* [Problem]: Once the line with "then show ?case by simp" is found in the entries below, repeat it and each following line exactly, up to and including the line with "(set_pmf (urn a". Add no other lines.
**********
lemma white_prob_nonneg: "white_prob a d n m \<ge> 0"
  unfolding white_prob_def by simp

lemma white_prob_le_1: "white_prob a d n m \<le> 1"
  unfolding white_prob_def by (auto simp: divide_le_eq_1 simp del: of_nat_add of_nat_mult)

lemma set_pmf_urn: "set_pmf (urn a d n m) \<subseteq> {..a * n}"
proof (induction n arbitrary: m)
  case 0
  then show ?case by simp
next
  case (Suc n)
  note smaller_white = Suc.IH
  show ?case
  proof (induction m)
    case (Suc m)
    have "set_pmf (urn a d (Suc n) (Suc m))
        \<subseteq> set_pmf (urn a d n (Suc m)) \<union> set_pmf (urn a d (Suc n) m)"
      by (auto split: if_splits)
    also have "\<dots> \<subseteq> {..a * Suc n}"
      using smaller_white[of "Suc m"] Suc.IH by auto
    finally show ?case .
  qed simp
qed

lemma finite_set_pmf_urn: "finite (set_pmf (urn a d n m))"
  using set_pmf_urn by (rule finite_subset) simp

lemma expectation_bind_bernoulli_pmf_if:
  fixes A B :: "'a pmf" and g :: "'a \<Rightarrow> real"
  assumes "0 \<le> p" "p \<le> 1" "finite (set_pmf A)" "finite (set_pmf B)"
  shows "measure_pmf.expectation (bernoulli_pmf p \<bind> (\<lambda>b. if b then A else B)) g
    = p * measure_pmf.expectation A g + (1 - p) * measure_pmf.expectation B g"
  using assms by (subst pmf_expectation_bind[of UNIV]) (auto simp: UNIV_bool)

lemma expectation_urn_Suc_Suc:
  "measure_pmf.expectation (urn a d (Suc n) (Suc m)) g
    = white_prob a d (Suc n) (Suc m) * measure_pmf.expectation (urn a d n (Suc m)) g
      + (1 - white_prob a d (Suc n) (Suc m)) * measure_pmf.expectation (urn a d (Suc n) m) g"
  unfolding urn.simps(3) white_prob_def[symmetric]
  by (intro expectation_bind_bernoulli_pmf_if white_prob_nonneg white_prob_le_1 finite_set_pmf_urn)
**********
* [Written response]:
  then show ?case by simp
next
  case (Suc n)
  note smaller_white = Suc.IH
  show ?case
  proof (induction m)
    case (Suc m)
    have "set_pmf (urn a d (Suc n) (Suc m))
        \<subseteq> set_pmf (urn a d n (Suc m)) \<union> set_pmf (urn a d (Suc n) m)"
      by (auto split: if_splits)
    also have "\<dots> \<subseteq> {..a * Suc n}"
      using smaller_white[of "Suc m"] Suc.IH by auto
    finally show ?case .
  qed simp
qed

lemma finite_set_pmf_urn: "finite (set_pmf (urn a d n m))"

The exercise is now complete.